== Raw data ==
(* Let $n\ge2$, $m\ge1$, and let $G$ be given by the presentation $$G=\Big\langle a_1,\dots,a_n,c_1,\dots,c_m \ \Big|\ [a_i,a_j]=\prod_{t=1}^m c_t^{\lambda_t^{ij}}\ (1\le i<j\le n),\ [a_i,c_j]=[c_k,c_r]=1 \text{ for all } i,j,k,r\Big\rangle$$ for some integers $\lambda_t^{ij}$. Then there are maps $\alpha_i,\gamma_t:G\to\mathbb{Z}$ such that every $g\in G$ can be written as $g=\prod_{i=1}^n a_i^{\alpha_i(g)}\prod_{t=1}^m c_t^{\gamma_t(g)}$, and this expression is unique: if $g=\prod_i a_i^{x_i}\prod_t c_t^{y_t}$ for integers $x_i,y_t$, then $x_i=\alpha_i(g)$ and $y_t=\gamma_t(g)$ for all $i,t$.
   Context: Commutators: $[g,h]=g^{-1}h^{-1}gh$. *)

theory Defs
  imports "HOL-Algebra.Group"
begin

text \<open>Words over an alphabet of generators: a letter is (x, b), where b = True
  means the inverse letter x^-1.\<close>
type_synonym 'g word = "('g \<times> bool) list"

definition words :: "'g set \<Rightarrow> 'g word set" where
  "words S = {w. fst ` set w \<subseteq> S}"

definition winv :: "'g word \<Rightarrow> 'g word" where
  "winv w = rev (map (\<lambda>(x, b). (x, \<not> b)) w)"

definition wpow :: "'g word \<Rightarrow> int \<Rightarrow> 'g word" where
  "wpow w k = (if 0 \<le> k then concat (replicate (nat k) w)
               else concat (replicate (nat (- k)) (winv w)))"

definition letter :: "'g \<Rightarrow> 'g word" where
  "letter x = [(x, False)]"

definition wcomm :: "'g word \<Rightarrow> 'g word \<Rightarrow> 'g word" where
  "wcomm u v = winv u @ winv v @ u @ v"

inductive_set pres_eq :: "'g set \<Rightarrow> ('g word \<times> 'g word) set \<Rightarrow> ('g word \<times> 'g word) set"
  for S R where
  refl: "w \<in> words S \<Longrightarrow> (w, w) \<in> pres_eq S R"
| sym: "(u, v) \<in> pres_eq S R \<Longrightarrow> (v, u) \<in> pres_eq S R"
| trans: "(u, v) \<in> pres_eq S R \<Longrightarrow> (v, w) \<in> pres_eq S R \<Longrightarrow> (u, w) \<in> pres_eq S R"
| cancel: "u \<in> words S \<Longrightarrow> v \<in> words S \<Longrightarrow> x \<in> S \<Longrightarrow>
           (u @ [(x, b), (x, \<not> b)] @ v, u @ v) \<in> pres_eq S R"
| rel: "(l, r) \<in> R \<Longrightarrow> u \<in> words S \<Longrightarrow> v \<in> words S \<Longrightarrow>
        (u @ l @ v, u @ r @ v) \<in> pres_eq S R"

definition presented_group :: "'g set \<Rightarrow> ('g word \<times> 'g word) set \<Rightarrow> ('g word set) monoid" where
  "presented_group S R =
     \<lparr> carrier = words S // pres_eq S R,
       mult = (\<lambda>X Y. pres_eq S R `` {u @ v | u v. u \<in> X \<and> v \<in> Y}),
       one = pres_eq S R `` {[]} \<rparr>"

definition gen_elem :: "'g set \<Rightarrow> ('g word \<times> 'g word) set \<Rightarrow> 'g \<Rightarrow> 'g word set" where
  "gen_elem S R x = pres_eq S R `` {letter x}"

definition lprod :: "('a, 'b) monoid_scheme \<Rightarrow> 'a list \<Rightarrow> 'a" where
  "lprod G xs = foldr (\<lambda>g acc. g \<otimes>\<^bsub>G\<^esub> acc) xs \<one>\<^bsub>G\<^esub>"

datatype gen = A nat | C nat

definition gens :: "nat \<Rightarrow> nat \<Rightarrow> gen set" where
  "gens n m = A ` {1..n} \<union> C ` {1..m}"

definition rels :: "nat \<Rightarrow> nat \<Rightarrow> (nat \<Rightarrow> nat \<Rightarrow> nat \<Rightarrow> int) \<Rightarrow> (gen word \<times> gen word) set" where
  "rels n m lam =
     {(wcomm (letter (A i)) (letter (A j)),
       concat (map (\<lambda>t. wpow (letter (C t)) (lam i j t)) [1..<Suc m])) | i j.
        1 \<le> i \<and> i < j \<and> j \<le> n}
   \<union> {(wcomm (letter (A i)) (letter (C j)), []) | i j. i \<in> {1..n} \<and> j \<in> {1..m}}
   \<union> {(wcomm (letter (C k)) (letter (C r)), []) | k r. k \<in> {1..m} \<and> r \<in> {1..m}}"

definition Gpres :: "nat \<Rightarrow> nat \<Rightarrow> (nat \<Rightarrow> nat \<Rightarrow> nat \<Rightarrow> int) \<Rightarrow> (gen word set) monoid" where
  "Gpres n m lam = presented_group (gens n m) (rels n m lam)"

definition a_el :: "nat \<Rightarrow> nat \<Rightarrow> (nat \<Rightarrow> nat \<Rightarrow> nat \<Rightarrow> int) \<Rightarrow> nat \<Rightarrow> gen word set" where
  "a_el n m lam i = gen_elem (gens n m) (rels n m lam) (A i)"

definition c_el :: "nat \<Rightarrow> nat \<Rightarrow> (nat \<Rightarrow> nat \<Rightarrow> nat \<Rightarrow> int) \<Rightarrow> nat \<Rightarrow> gen word set" where
  "c_el n m lam t = gen_elem (gens n m) (rels n m lam) (C t)"

definition normal_form :: "nat \<Rightarrow> nat \<Rightarrow> (nat \<Rightarrow> nat \<Rightarrow> nat \<Rightarrow> int) \<Rightarrow>
    (nat \<Rightarrow> int) \<Rightarrow> (nat \<Rightarrow> int) \<Rightarrow> gen word set" where
  "normal_form n m lam x y =
     lprod (Gpres n m lam) (map (\<lambda>i. a_el n m lam i [^]\<^bsub>Gpres n m lam\<^esub> x i) [1..<Suc n])
     \<otimes>\<^bsub>Gpres n m lam\<^esub>
     lprod (Gpres n m lam) (map (\<lambda>t. c_el n m lam t [^]\<^bsub>Gpres n m lam\<^esub> y t) [1..<Suc m])"

end

theory Submission
  imports Defs
begin

text \<open>Left multiplication by a generator has an explicit description in normal-form
  coordinates (x, y) in Z^n x Z^m: c_t adds 1 to y_t, while a_i adds 1 to x_i and, since it must
  be moved past the factors a_k^(x_k) with k < i, adds -(sum over k < i of x_k lam_t^(ki)) to every
  y_t. These formulas define an action of the free group on Z^n x Z^m that respects the defining
  relations, hence a coordinate map on G. By induction on words every element equals the normal
  form of its coordinates, and the coordinates of a normal form are its exponents, which gives
  uniqueness.\<close>

section \<open>Presented groups\<close>

lemma words_Nil [simp]: "[] \<in> words S"
  by (simp add: words_def)

lemma words_Cons [simp]: "l # w \<in> words S \<longleftrightarrow> fst l \<in> S \<and> w \<in> words S"
  by (auto simp: words_def)

lemma words_append [simp]: "u @ v \<in> words S \<longleftrightarrow> u \<in> words S \<and> v \<in> words S"
  by (auto simp: words_def)

lemma words_concat: "(\<And>w. w \<in> set ws \<Longrightarrow> w \<in> words S) \<Longrightarrow> concat ws \<in> words S"
  by (induct ws) auto

lemma winv_Nil [simp]: "winv [] = []"
  by (simp add: winv_def)

lemma winv_Cons [simp]: "winv ((x, b) # w) = winv w @ [(x, \<not> b)]"
  by (simp add: winv_def)

lemma words_winv [simp]: "winv w \<in> words S \<longleftrightarrow> w \<in> words S"
  by (induct w) auto

lemma words_letter [simp]: "letter x \<in> words S \<longleftrightarrow> x \<in> S"
  by (simp add: letter_def)

lemma words_replicate [simp]: "w \<in> words S \<Longrightarrow> concat (replicate p w) \<in> words S"
  by (induct p) auto

lemma words_wpow [simp]: "w \<in> words S \<Longrightarrow> wpow w k \<in> words S"
  by (simp add: wpow_def)

lemma words_wcomm [simp]: "u \<in> words S \<Longrightarrow> v \<in> words S \<Longrightarrow> wcomm u v \<in> words S"
  by (simp add: wcomm_def)

definition rels_over :: "'g set \<Rightarrow> ('g word \<times> 'g word) set \<Rightarrow> bool" where
  "rels_over S R \<longleftrightarrow> (\<forall>(l, r) \<in> R. l \<in> words S \<and> r \<in> words S)"

lemma pres_eq_words:
  assumes "rels_over S R" "(u, v) \<in> pres_eq S R"
  shows "u \<in> words S \<and> v \<in> words S"
  using assms(2) by induct (use assms(1) in \<open>auto simp: rels_over_def\<close>)

lemma pres_eq_append_left:
  assumes "(u, v) \<in> pres_eq S R" "w \<in> words S"
  shows "(w @ u, w @ v) \<in> pres_eq S R"
  using assms(1)
proof induct
  case (cancel u v x b)
  then show ?case using pres_eq.cancel[of "w @ u"] assms(2) by simp
next
  case (rel l r u v)
  then show ?case using pres_eq.rel[of l r R "w @ u"] assms(2) by simp
qed (use assms(2) in \<open>auto intro: pres_eq.intros\<close>)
===
Task to carry out
The entries above hold the needed span. Transcribe exactly the lines from the one with "theory Defs" to the one with "winv u @ winv", both included.

Worked solution
theory Defs
  imports "HOL-Algebra.Group"
begin

text \<open>Words over an alphabet of generators: a letter is (x, b), where b = True
  means the inverse letter x^-1.\<close>
type_synonym 'g word = "('g \<times> bool) list"

definition words :: "'g set \<Rightarrow> 'g word set" where
  "words S = {w. fst ` set w \<subseteq> S}"

definition winv :: "'g word \<Rightarrow> 'g word" where
  "winv w = rev (map (\<lambda>(x, b). (x, \<not> b)) w)"

definition wpow :: "'g word \<Rightarrow> int \<Rightarrow> 'g word" where
  "wpow w k = (if 0 \<le> k then concat (replicate (nat k) w)
               else concat (replicate (nat (- k)) (winv w)))"

definition letter :: "'g \<Rightarrow> 'g word" where
  "letter x = [(x, False)]"

definition wcomm :: "'g word \<Rightarrow> 'g word \<Rightarrow> 'g word" where
  "wcomm u v = winv u @ winv v @ u @ v"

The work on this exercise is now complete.